Deny by Default: Permissions for Agents That Act
A chatbot that says something wrong is embarrassing. An agent that sends something wrong is a fact about the world. The moment an agent can send, post, create, or delete, it stops being a text generator and becomes a principal in your system — with credentials and reach, taking actions other people receive.
The instinct at that point is to write a better system prompt. Tell the model to be careful. Tell it to confirm before sending. This doesn't work, and it doesn't fail in an exotic way — it fails because a system prompt is a suggestion addressed to the thing you're trying to constrain.
Permissions for agents are an ordinary authorization problem.
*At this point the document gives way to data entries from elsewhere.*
(* Suppose assumptions (A1)–(A5) below hold. Then the maximum likelihood estimation problem $$\max_{(x_t,\theta_t,u_t)}\ \sum_{i=0}^{n_x}\log p_\nu(\tilde x_{t_i}-Dx_{t_i})+\sum_{j=0}^{n_u}\log p_\omega(\tilde y_{\tau_j}-Cu_{\tau_j})$$ subject to, for all $t$: $u_t\in\arg\max\{f(x_{t+1},u,\theta_t,\pi_t):x_{t+1}=h(x_t,u),\ u\in\mathcal U\}$, $x_{t+1}=h(x_t,u_t)$, $\theta_{t+1}=g(x_t,u_t,\theta_t,\pi_t)$, $x_t\in\mathcal X$, $\theta_t\in\Theta$ (with the incentives $\pi_t$ given), can be expressed as a mixed integer linear program.
   Context: Model. Let $\mathcal X,\mathcal U,\Pi,\Theta$ be compact finite-dimensional sets with $\mathcal X,\mathcal U,\Theta$ convex. At each discrete time $t$ an agent has system state $x_t\in\mathcal X$, motivational state $\theta_t\in\Theta$, decision $u_t\in\mathcal U$; the coordinator applies known incentive $\pi_t\in\Pi$. Observations: $\tilde x_{t_i}=Dx_{t_i}+\nu_{t_i}$ ($i=0,\dots,n_x$), $\tilde y_{\tau_i}=Cu_{\tau_i}+\omega_{\tau_i}$ ($i=0,\dots,n_u$), with known matrices $C,D$ and noise densities $p_\nu,p_\omega$. $(a;b)$ denotes vertical concatenation. Assumptions: (A1) $\mathcal X,\mathcal U,\Pi,\Theta$ bounded finite-dimensional; $\mathcal X,\mathcal U,\Theta$ convex polyhedra described by finitely many linear inequalities; $\Pi$ described by finitely many mixed integer linear constraints. (A2) $f:\mathcal X\times\mathcal U\times\Theta\times\Pi\to\mathbb R$ deterministic, concave in $x$, strictly concave in $u$, concave in $\theta$, with $f(x,u,\theta,\pi)=-(x;u)^TQ(x;u)+(\theta;\pi)^TH(x;u)+\sum_{i=1}^K\min_{j\in J_i}\{F_{i,j}(x;u;\theta;\pi)+\zeta_{i,j}\}$, $Q$ positive semidefinite, $H,F_{i,j}$ matrices, $\zeta_{i,j}$ scalars, $J_i$ finite index sets. (A3) $h,g$ deterministic surjective with $h(x,u)=Ax+Bu+k$ and $g(x,u,\theta,\pi)=G_i(x;u;\theta;\pi)+\chi_i$ whenever $B_i(x;u;\theta;\pi)\le\psi_i$ (finitely many $i$), the polytopes $\{B_i(\cdot)\le\psi_i\}$ having disjoint interiors. (A4) Noise sequences $\{\nu_{t_i}\},\{\omega_{\tau_i}\}$ i.i.d. with i.i.d. components, zero mean and known finite variance; $\log p_\nu,\log p_\omega$ expressible using integer linear constraints. (A5) Observability: there exist $T$ and an incentive sequence such that $(x_0,\theta_0)$ can be computed exactly from noiseless measurements on $0\le t\le T$. *)

theory Defs
  imports "HOL-Analysis.Analysis"
begin

definition vcat :: "real^'a \<Rightarrow> real^'b \<Rightarrow> real^('a + 'b)" where
  "vcat a b = (\<chi> i. case i of Inl j \<Rightarrow> a $ j | Inr j \<Rightarrow> b $ j)"

definition strictly_concave_on :: "'a::real_vector set \<Rightarrow> ('a \<Rightarrow> real) \<Rightarrow> bool" where
  "strictly_concave_on S f \<longleftrightarrow>
     (\<forall>x\<in>S. \<forall>y\<in>S. x \<noteq> y \<longrightarrow> (\<forall>t::real. 0 < t \<and> t < 1 \<longrightarrow>
        (1 - t) * f x + t * f y < f ((1 - t) *\<^sub>R x + t *\<^sub>R y)))"

definition milp_rep :: "'i set \<Rightarrow> ('i \<Rightarrow> real) set \<Rightarrow> bool" where
  "milp_rep I S \<longleftrightarrow> finite I \<and>
     (\<exists>(nc::nat) (m::nat) (k::nat) (a::nat \<Rightarrow> 'i \<Rightarrow> real) (b::nat \<Rightarrow> nat \<Rightarrow> real)
        (c::nat \<Rightarrow> nat \<Rightarrow> real) (d::nat \<Rightarrow> real).
        S = {z. (\<forall>i. i \<notin> I \<longrightarrow> z i = 0) \<and>
               (\<exists>(y::nat \<Rightarrow> real) (w::nat \<Rightarrow> real). (\<forall>l<k. w l \<in> \<int>) \<and>
                  (\<forall>j<nc. (\<Sum>i\<in>I. a j i * z i) + (\<Sum>l<m. b j l * y l)
                           + (\<Sum>l<k. c j l * w l) \<le> d j))})"

definition milp_set :: "(real^'n) set \<Rightarrow> bool" where
  "milp_set P \<longleftrightarrow> milp_rep UNIV ((\<lambda>v i. v $ i) ` P)"

definition hypo_milp :: "(real^'n \<Rightarrow> real) \<Rightarrow> bool" where
  "hypo_milp \<phi> \<longleftrightarrow>
     milp_rep UNIV ((\<lambda>(v, r). (\<lambda>i. case i of Some j \<Rightarrow> v $ j | None \<Rightarrow> r)) ` {(v, r). r \<le> \<phi> v})"

definition agent_traj ::
  "nat \<Rightarrow> (real^'x) set \<Rightarrow> (real^'u) set \<Rightarrow> (real^'th) set
   \<Rightarrow> (real^'x \<Rightarrow> real^'u \<Rightarrow> real^'th \<Rightarrow> real^'p \<Rightarrow> real)
   \<Rightarrow> (real^'x \<Rightarrow> real^'u \<Rightarrow> real^'x)
   \<Rightarrow> (real^'x \<Rightarrow> real^'u \<Rightarrow> real^'th \<Rightarrow> real^'p \<Rightarrow> real^'th)
   \<Rightarrow> (nat \<Rightarrow> real^'p) \<Rightarrow> (nat \<Rightarrow> real^'x) \<Rightarrow> (nat \<Rightarrow> real^'th) \<Rightarrow> (nat \<Rightarrow> real^'u) \<Rightarrow> bool"
  where
  "agent_traj N Xs Us Ths f h g \<pi> X \<Theta> U \<longleftrightarrow>
     (\<forall>t<N. U t \<in> Us \<and>
        (\<forall>v\<in>Us. f (h (X t) v) v (\<Theta> t) (\<pi> t) \<le> f (h (X t) (U t)) (U t) (\<Theta> t) (\<pi> t)) \<and>
        X (Suc t) = h (X t) (U t) \<and>
        \<Theta> (Suc t) = g (X t) (U t) (\<Theta> t) (\<pi> t)) \<and>
     (\<forall>t\<le>N. X t \<in> Xs \<and> \<Theta> t \<in> Ths)"

definition mle_obj ::
  "(real^'ox \<Rightarrow> real) \<Rightarrow> (real^'oy \<Rightarrow> real) \<Rightarrow> real^'x^'ox \<Rightarrow> real^'u^'oy
   \<Rightarrow> (nat \<Rightarrow> real^'ox) \<Rightarrow> (nat \<Rightarrow> real^'oy) \<Rightarrow> nat \<Rightarrow> nat \<Rightarrow> (nat \<Rightarrow> nat) \<Rightarrow> (nat \<Rightarrow> nat)
   \<Rightarrow> (nat \<Rightarrow> real^'x) \<Rightarrow> (nat \<Rightarrow> real^'u) \<Rightarrow> real" where
  "mle_obj p\<nu> p\<omega> D C xt yt nx nu tx tu X U =
     (\<Sum>i\<le>nx. ln (p\<nu> (xt i - D *v X (tx i)))) + (\<Sum>j\<le>nu. ln (p\<omega> (yt j - C *v U (tu j))))"

text \<open>Encoding of the decision variables (x_0..x_N, \<theta>_0..\<theta>_N, u_0..u_{N-1}) together with
  an epigraph variable r as one real vector with finitely many coordinates.\<close>
definition enc :: "nat \<Rightarrow> (nat \<Rightarrow> real^'x) \<Rightarrow> (nat \<Rightarrow> real^'th) \<Rightarrow> (nat \<Rightarrow> real^'u) \<Rightarrow> real
                   \<Rightarrow> (nat \<times> ('x + 'th + 'u)) option \<Rightarrow> real" where
  "enc N X \<Theta> U r = (\<lambda>i. case i of
       None \<Rightarrow> r
     | Some (t, Inl j) \<Rightarrow> if t \<le> N then X t $ j else 0
     | Some (t, Inr (Inl j)) \<Rightarrow> if t \<le> N then \<Theta> t $ j else 0
     | Some (t, Inr (Inr j)) \<Rightarrow> if t < N then U t $ j else 0)"

definition enc_idx :: "nat \<Rightarrow> ((nat \<times> ('x::finite + 'th::finite + 'u::finite)) option) set" where
  "enc_idx N = insert None (Some ` (({..N} \<times> range Inl) \<union> ({..N} \<times> range (Inr \<circ> Inl))
                                     \<union> ({..<N} \<times> range (Inr \<circ> Inr))))"

text \<open>Hypograph of the MLE problem: encodings of feasible points together with
  any value r not exceeding the objective.  Maximizing r over this set is the MLE problem.\<close>
definition mle_hypo where
  "mle_hypo N Xs Us Ths f h g \<pi> p\<nu> p\<omega> D C xt yt nx nu tx tu =
     {enc N X \<Theta> U r | X \<Theta> U r. agent_traj N Xs Us Ths f h g \<pi> X \<Theta> U \<and>
                               r \<le> mle_obj p\<nu> p\<omega> D C xt yt nx nu tx tu X U}"

end

theory Submission
  imports Defs
begin

text \<open>The
  hypographs of the log-likelihoods are mixed-integer representable by (A4), the state dynamics are
  linear, and the motive dynamics are affine on each of finitely many polytopes, selected by binary
  variables through big-M constraints.  The only nonconvex constraint, optimality of the agent's
  decision, is replaced by a KKT characterisation: as a function of \<open>u\<close>, \<open>f (h x u) u \<theta> p\<close> is a
  concave quadratic plus a sum of minima of affine functions, so \<open>u\<close> is optimal over the
  polyhedron \<open>\<U>\<close> iff for some set \<open>P\<close> of active constraints and some convex weights \<open>\<mu>\<close> on the
  minimising affine pieces the resulting supergradient lies in the cone spanned by the active
  normals.  Binaries choose \<open>P\<close> and the support of \<open>\<mu>\<close>, the cone is written by its finitely many
  facets, and boundedness of \<open>\<X>\<close>, \<open>\<U>\<close>, \<open>\<Theta>\<close> makes every big-M constant finite.\<close>

section \<open>Affine expressions in the variables of a mixed-integer program\<close>

definition affine_expr :: "'i set \<Rightarrow> 'j set \<Rightarrow> (('i \<Rightarrow> real) \<Rightarrow> ('j \<Rightarrow> real) \<Rightarrow> real) \<Rightarrow> bool" where
  "affine_expr I J e \<longleftrightarrow> (\<exists>c \<alpha> \<beta>. \<forall>z y. e z y = c + (\<Sum>i\<in>I. \<alpha> i * z i) + (\<Sum>j\<in>J. \<beta> j * y j))"

lemma affine_expr_const: "affine_expr I J (\<lambda>z y. c)"
  unfolding affine_expr_def by (intro exI[of _ c] exI[of _ "\<lambda>_. 0"]) simp

lemma affine_expr_var:
  assumes "finite I" "i \<in> I"
  shows "affine_expr I J (\<lambda>z y. z i)"
proof -
  have "(\<Sum>i'\<in>I. of_bool (i' = i) * z i') = z i" for z :: "_ \<Rightarrow> real"
    using assms by (simp add: of_bool_def if_distrib[of "\<lambda>c. c * _"] sum.delta cong: if_cong)
  then show ?thesis unfolding affine_expr_def
    by (intro exI[of _ 0] exI[of _ "\<lambda>i'. of_bool (i' = i)"] exI[of _ "\<lambda>_. 0"]) simp
qed

lemma affine_expr_aux_var:
  assumes "finite J" "j \<in> J"
  shows "affine_expr I J (\<lambda>z y. y j)"
proof -
  have "(\<Sum>j'\<in>J. of_bool (j' = j) * y j') = y j" for y :: "_ \<Rightarrow> real"
    using assms by (simp add: of_bool_def if_distrib[of "\<lambda>c. c * _"] sum.delta cong: if_cong)
  then show ?thesis unfolding affine_expr_def
    by (intro exI[of _ 0] exI[of _ "\<lambda>_. 0"] exI[of _ "\<lambda>j'. of_bool (j' = j)"]) simp
qed

lemma affine_expr_add:
  assumes "affine_expr I J e" "affine_expr I J e'"
  shows "affine_expr I J (\<lambda>z y. e z y + e' z y)"
proof -
  obtain c \<alpha> \<beta> c' \<alpha>' \<beta>' where
    "\<forall>z y. e z y = c + (\<Sum>i\<in>I. \<alpha> i * z i) + (\<Sum>j\<in>J. \<beta> j * y j)"
    "\<forall>z y. e' z y = c' + (\<Sum>i\<in>I. \<alpha>' i * z i) + (\<Sum>j\<in>J. \<beta>' j * y j)"
    using assms unfolding affine_expr_def by blast
  then show ?thesis unfolding affine_expr_def
    by (intro exI[of _ "c + c'"] exI[of _ "\<lambda>i. \<alpha> i + \<alpha>' i"] exI[of _ "\<lambda>j. \<beta> j + \<beta>' j"])
       (simp add: distrib_right sum.distrib)
qed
Same shape as any other: a caller, a resource, an action, a decision. But the caller has two properties you don't usually design for. It is non-deterministic — the same input can produce a different tool call tomorrow. And it is persuadable — the content it reads can change what it decides to do. A retrieved document, a message body, a web page: all of it is input, and any of it can argue.
So you design accordingly. The rest of this is where the gate goes, and how it fails.
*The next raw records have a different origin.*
(* Let $\Omega\subset\mathbb{R}^n$ be a bounded domain that is star-shaped with respect to a point $x^*\in\Omega$, let $g\in C(\Omega)$, and let $u=SS^+(g)$ be the upper star-shaped envelope of $g$ with respect to $x^*$. Then $u$ is the viscosity solution of the obstacle problem \[ \min\{u(x)-g(x),\ (x-x^* )\cdot\nabla u(x)\}=0 \quad\text{in }\Omega, \] together with $u(x^* )=g(x^* )$.
   Context: A set $S$ is star-shaped with respect to $x^*$ if $x\in S$ implies $tx^*+(1-t)x\in S$ for all $t\in[0,1]$; a function $v:\Omega\to\mathbb{R}$ is star-shaped with respect to $x^*$ if all its sublevel sets $\{v\le\alpha\}$ are. $SS^+(g)(x)=\inf\{v(x)\mid v:\Omega\to\mathbb{R}\text{ star-shaped w.r.t. } x^*,\ v\ge g\}$. For $F(x,r,p)$, an upper (lower) semicontinuous $u$ is a viscosity subsolution (supersolution) of $F[u]=0$ in $\Omega$ if for every $\phi\in C^1(\Omega)$, whenever $u-\phi$ has a local maximum (minimum) at $x\in\Omega$, $F(x,u(x),\nabla\phi(x))\le 0$ ($\ge 0$); a viscosity solution is both. Here $F(x,r,p)=\min\{r-g(x),(x-x^* )\cdot p\}$. *)

theory Defs
  imports "HOL-Analysis.Analysis"
begin

definition star_shaped_set :: "'a::real_vector set \<Rightarrow> 'a \<Rightarrow> bool" where
  "star_shaped_set S xs \<longleftrightarrow>
     (\<forall>x\<in>S. \<forall>t::real. 0 \<le> t \<and> t \<le> 1 \<longrightarrow> t *\<^sub>R xs + (1 - t) *\<^sub>R x \<in> S)"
One gate, and the executor is dumb
The tool gate is the sole approval authority. Not the primary one — the sole one. The sandbox where the agent's code actually runs is a pure executor, and the design intent is written down in exactly those terms:
The box is a PURE EXECUTOR: every piece of tool METADATA (catalog, enabled bindings, allowed accounts) is resolved run-side. The box NEVER calls the gate to discover tools — it has no whole-catalog access and cannot list. Its tools are therefore fixed at creation/dispatch time.
The load-bearing word is discover. An executor that can enumerate its own capabilities can be talked into enumerating more of them — a persuadable caller plus a listable catalog is a negotiation, and you've handed the model the agenda. Fixing the toolset at dispatch and denying the box any catalog access means the blast radius is decided before the model gets a turn. Whatever the run argues for later, it argues from a fixed hand.
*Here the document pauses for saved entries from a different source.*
(* Let $H$ be a tree and $Q$ a subtree of $H$ with at least one edge. Then $Q$ is a good subgraph of $H$ if and only if no vertex of $N_H[V_Q]$ is a leaf of $H$ and the subgraph of $H$ induced by $N_H[V_Q]$ is the corona of $Q$, that is, $N_H[V_Q]\cap L_H=\emptyset$ and $H[N_H[V_Q]]=Q\circ K_1$.
   Context: Graphs are finite. A leaf is a vertex of degree one; $L_H$ is the set of leaves of $H$; $N_H[X]$ is the closed neighborhood of a vertex set $X$. The corona $Q\circ K_1$ is obtained from $Q$ by attaching one pendant edge (to a new leaf) at each vertex of $Q$; the condition $H[N_H[V_Q]]=Q\circ K_1$ means that the subgraph induced by $N_H[V_Q]$ consists of $Q$ together with, for each vertex $v$ of $Q$, exactly one neighbor of $v$ outside $V_Q$, these neighbors being distinct and pairwise nonadjacent. Good subgraph: Let $Q$ be a subgraph of $H$ without isolated vertices, and $E_Q^-$ the set of edges of $H$ not in $Q$ incident with at least one vertex of $Q$. $Q$ is a good subgraph of $H$ if there exist a set of edges $E$ with $E_Q^-\subseteq E\subseteq E_H\setminus E_Q$ and an orientation $A_E$ of the edges of $E$ (where $d^+(x)$, $d^-(x)$ denote the numbers of arcs of $A_E$ leaving, resp. entering $x$, and $d_H(x)$ is the degree in $H$) such that the arcs of $A_E$ form a family $\mathcal P=\{P_x: x\in V_Q\}$ of oriented paths indexed by the vertices of $Q$ with: (i) every vertex $v$ of $Q$ is the initial vertex of exactly one path of $\mathcal P$, and $d^+(v)=1$, $d^-(v)=d_H(v)-d_Q(v)-1$; (ii) if $x$ is an inner vertex of a path of $\mathcal P$, then $d^+(x)=1$ and $d^-(x)=d_H(x)-1$; (iii) if $x$ is an end vertex of a path of $\mathcal P$, then $d^-(x)<d_H(x)$. *)

theory Defs
  imports Main
begin

definition graph :: "'a set \<Rightarrow> 'a set set \<Rightarrow> bool" where
  "graph V E \<longleftrightarrow> finite V \<and> (\<forall>e\<in>E. \<exists>u v. e = {u, v} \<and> u \<noteq> v \<and> u \<in> V \<and> v \<in> V)"

definition deg :: "'a set set \<Rightarrow> 'a \<Rightarrow> nat" where
  "deg E v = card {e \<in> E. v \<in> e}"

definition leaves :: "'a set \<Rightarrow> 'a set set \<Rightarrow> 'a set" where
  "leaves V E = {v \<in> V. deg E v = 1}"

definition closed_nbhd :: "'a set set \<Rightarrow> 'a set \<Rightarrow> 'a set" where
  "closed_nbhd E X = X \<union> {v. \<exists>x\<in>X. {x, v} \<in> E}"

definition induced_edges :: "'a set set \<Rightarrow> 'a set \<Rightarrow> 'a set set" where
  "induced_edges E S = {e \<in> E. e \<subseteq> S}"

definition connected_graph :: "'a set \<Rightarrow> 'a set set \<Rightarrow> bool" where
  "connected_graph V E \<longleftrightarrow> V \<noteq> {} \<and>
     (\<forall>u\<in>V. \<forall>v\<in>V. (\<lambda>x y. {x, y} \<in> E)\<^sup>*\<^sup>* u v)"

definition has_cycle :: "'a set \<Rightarrow> 'a set set \<Rightarrow> bool" where
  "has_cycle V E \<longleftrightarrow> (\<exists>c. length c \<ge> 3 \<and> distinct c \<and> set c \<subseteq> V \<and>
     (\<forall>i < length c - 1. {c ! i, c ! (i + 1)} \<in> E) \<and> {last c, hd c} \<in> E)"

definition tree :: "'a set \<Rightarrow> 'a set set \<Rightarrow> bool" where
  "tree V E \<longleftrightarrow> graph V E \<and> connected_graph V E \<and> \<not> has_cycle V E"

definition subgraph :: "'a set \<Rightarrow> 'a set set \<Rightarrow> 'a set \<Rightarrow> 'a set set \<Rightarrow> bool" where
  "subgraph VQ EQ V E \<longleftrightarrow> VQ \<subseteq> V \<and> EQ \<subseteq> E \<and> graph VQ EQ"

definition subtree :: "'a set \<Rightarrow> 'a set set \<Rightarrow> 'a set \<Rightarrow> 'a set set \<Rightarrow> bool" where
  "subtree VQ EQ V E \<longleftrightarrow> subgraph VQ EQ V E \<and> tree VQ EQ"

definition no_isolated :: "'a set \<Rightarrow> 'a set set \<Rightarrow> bool" where
  "no_isolated VQ EQ \<longleftrightarrow> (\<forall>v\<in>VQ. \<exists>e\<in>EQ. v \<in> e)"

text \<open>Corona Q o K1: the graph (V',E') is Q with one new pendant vertex f v attached at each v.\<close>
definition is_corona :: "'a set \<Rightarrow> 'a set set \<Rightarrow> 'a set \<Rightarrow> 'a set set \<Rightarrow> bool" where
  "is_corona V' E' VQ EQ \<longleftrightarrow> VQ \<subseteq> V' \<and>
     (\<exists>f. bij_betw f VQ (V' - VQ) \<and> E' = EQ \<union> {{v, f v} | v. v \<in> VQ})"

definition orientation :: "'a set set \<Rightarrow> ('a \<times> 'a) set \<Rightarrow> bool" where
  "orientation Ed A \<longleftrightarrow> (\<forall>(u, v)\<in>A. {u, v} \<in> Ed) \<and>
     (\<forall>e\<in>Ed. \<exists>!a. a \<in> A \<and> {fst a, snd a} = e)"

definition outdeg :: "('a \<times> 'a) set \<Rightarrow> 'a \<Rightarrow> nat" where
  "outdeg A x = card {y. (x, y) \<in> A}"

definition indeg :: "('a \<times> 'a) set \<Rightarrow> 'a \<Rightarrow> nat" where
  "indeg A x = card {y. (y, x) \<in> A}"

definition dpath :: "('a \<times> 'a) set \<Rightarrow> 'a list \<Rightarrow> bool" where
  "dpath A p \<longleftrightarrow> distinct p \<and> length p \<ge> 2 \<and>
     (\<forall>i < length p - 1. (p ! i, p ! (i + 1)) \<in> A)"

definition path_arcs :: "'a list \<Rightarrow> ('a \<times> 'a) set" where
  "path_arcs p = set (zip p (tl p))"

definition edges_minus :: "'a set set \<Rightarrow> 'a set \<Rightarrow> 'a set set \<Rightarrow> 'a set set" where
  "edges_minus E VQ EQ = {e \<in> E - EQ. e \<inter> VQ \<noteq> {}}"

definition good_subgraph :: "'a set \<Rightarrow> 'a set set \<Rightarrow> 'a set \<Rightarrow> 'a set set \<Rightarrow> bool" where
  "good_subgraph V E VQ EQ \<longleftrightarrow>
     subgraph VQ EQ V E \<and> no_isolated VQ EQ \<and>
     (\<exists>Ed A P.
        edges_minus E VQ EQ \<subseteq> Ed \<and> Ed \<subseteq> E - EQ \<and> orientation Ed A \<and>
        \<comment> \<open>the arcs of A form the family of oriented paths P x, x in VQ, starting at x\<close>
        (\<forall>x\<in>VQ. dpath A (P x) \<and> hd (P x) = x) \<and>
        (\<forall>x\<in>VQ. \<forall>y\<in>VQ. x \<noteq> y \<longrightarrow> path_arcs (P x) \<inter> path_arcs (P y) = {}) \<and>
        A = (\<Union>x\<in>VQ. path_arcs (P x)) \<and>
        \<comment> \<open>(i)\<close>
        (\<forall>v\<in>VQ. card {x \<in> VQ. hd (P x) = v} = 1 \<and> outdeg A v = 1 \<and>
            int (indeg A v) = int (deg E v) - int (deg EQ v) - 1) \<and>
        \<comment> \<open>(ii) inner vertices\<close>
        (\<forall>x\<in>VQ. \<forall>i. 0 < i \<and> i < length (P x) - 1 \<longrightarrow>
            outdeg A (P x ! i) = 1 \<and> int (indeg A (P x ! i)) = int (deg E (P x ! i)) - 1) \<and>
        \<comment> \<open>(iii) end vertices\<close>
        (\<forall>x\<in>VQ. indeg A (hd (P x)) < deg E (hd (P x)) \<and>
                 indeg A (last (P x)) < deg E (last (P x))))"

end

theory Submission
  imports Defs "HOL-Library.Transitive_Closure_Table"
begin

(* Since H is a tree and Q a subtree, no path of H can leave Q and come back: a path between
   two vertices of Q whose inner vertices avoid Q must be a single edge of Q, for otherwise it
   would close a cycle with the path joining its ends inside Q.

   If Q is good, an inner vertex of a path P_x has indegree d_H - 1, while a vertex v of Q has
   indegree d_H(v) - d_Q(v) - 1 < d_H(v) - 1; so inner vertices lie outside Q, and a path entering
   Q would leave Q and come back.  Hence no arc enters Q, every vertex v of Q has exactly one
   incident edge outside Q, leading to the second vertex f(v) of P_v, and condition (iii) gives
   d_H(f(v)) >= 2.  Conversely, if every v in V_Q has exactly one edge {v, f(v)} outside Q and
   d_H(f(v)) >= 2, the one-arc paths (v, f(v)) witness goodness.  Finally, by the tree property
   again, the existence of such an f is exactly the statement that H[N_H[V_Q]] is the corona
   of Q and that N_H[V_Q] contains no leaf. *)

abbreviation adj :: "'a set set \<Rightarrow> 'a \<Rightarrow> 'a \<Rightarrow> bool" where
  "adj E x y \<equiv> {x, y} \<in> E"

lemma hd_butlast_tl_last: "2 \<le> length p \<Longrightarrow> p = hd p # butlast (tl p) @ [last p]"
  by (cases p) auto

lemma set_butlast_tl_nth:
  assumes "y \<in> set (butlast (tl p))"
  obtains i where "0 < i" "i < length p - 1" "p ! i = y"
proof -
  obtain j where "j < length (butlast (tl p))" "butlast (tl p) ! j = y"
    using assms by (metis in_set_conv_nth)
  then show ?thesis using that[of "Suc j"] by (cases p) (auto simp: nth_butlast)
qed

lemma successively_rtrancl_path:
  "rtrancl_path r x xs y \<Longrightarrow> successively r (x # xs) \<and> last (x # xs) = y"
  by (induction rule: rtrancl_path.induct) simp_all

lemma rtranclp_distinct_path:
  assumes "r\<^sup>*\<^sup>* x y"
  obtains xs where "distinct (x # xs)" "successively r (x # xs)" "last (x # xs) = y"
proof -
  obtain xs where "rtrancl_path r x xs y"
    using assms by (auto simp: rtranclp_eq_rtrancl_path)
  then obtain xs' where path: "rtrancl_path r x xs' y" and "distinct (x # xs')"
    by (rule rtrancl_path_distinct)
  then show ?thesis using that successively_rtrancl_path[OF path] by simp
qed

lemma graph_finite_edges: "graph V E \<Longrightarrow> finite E"
  unfolding graph_def by (metis (no_types, lifting) Pow_iff empty_subsetI finite_Pow_iff
      finite_subset insert_subset subsetI)

lemma graph_edge_endpoints: "graph V E \<Longrightarrow> {a, b} \<in> E \<Longrightarrow> a \<in> V \<and> b \<in> V \<and> a \<noteq> b"
  unfolding graph_def by (metis doubleton_eq_iff)

lemma graph_edge_incident: "graph V E \<Longrightarrow> e \<in> E \<Longrightarrow> x \<in> e \<Longrightarrow> \<exists>y. e = {x, y}"
  unfolding graph_def by (metis insert_commute insertE singletonD)

lemma deg_pos: "finite E \<Longrightarrow> e \<in> E \<Longrightarrow> x \<in> e \<Longrightarrow> 0 < deg E x"
  unfolding deg_def by (auto simp: card_gt_0_iff)

lemma successively_adj_subset:
  "graph V E \<Longrightarrow> successively (adj E) (x # xs) \<Longrightarrow> set xs \<subseteq> V"
  by (induction xs arbitrary: x) (auto simp: successively_Cons dest: graph_edge_endpoints)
The second half of that principle matters just as much: two components both making authorization decisions is not defense in depth. It's two sources of truth, and one of them will be stale. Depth is layers that narrow — a gate, then a scope, then an audit. Two peers independently answering "is this allowed?" isn't depth; it's a race where the wrong answer only has to win once.
Fail closed, at the bottom of the function
Every permission resolver is a cascade. Check the user's setting. Check the
binding. Check the catalog. Check the tier above. And then, at the bottom of the
function, after every rule has declined to match, there is a return — and that
return is your actual security posture. Everything above it is decoration.
Ours ends with an explicit default: manual approval required. Not "allow, because we didn't find a rule against it." Require a human, because we didn't find a rule.
# Nothing matched: no user override, no binding rule, no catalog entry.
# This is not "we found nothing to object to" — it is "we know nothing."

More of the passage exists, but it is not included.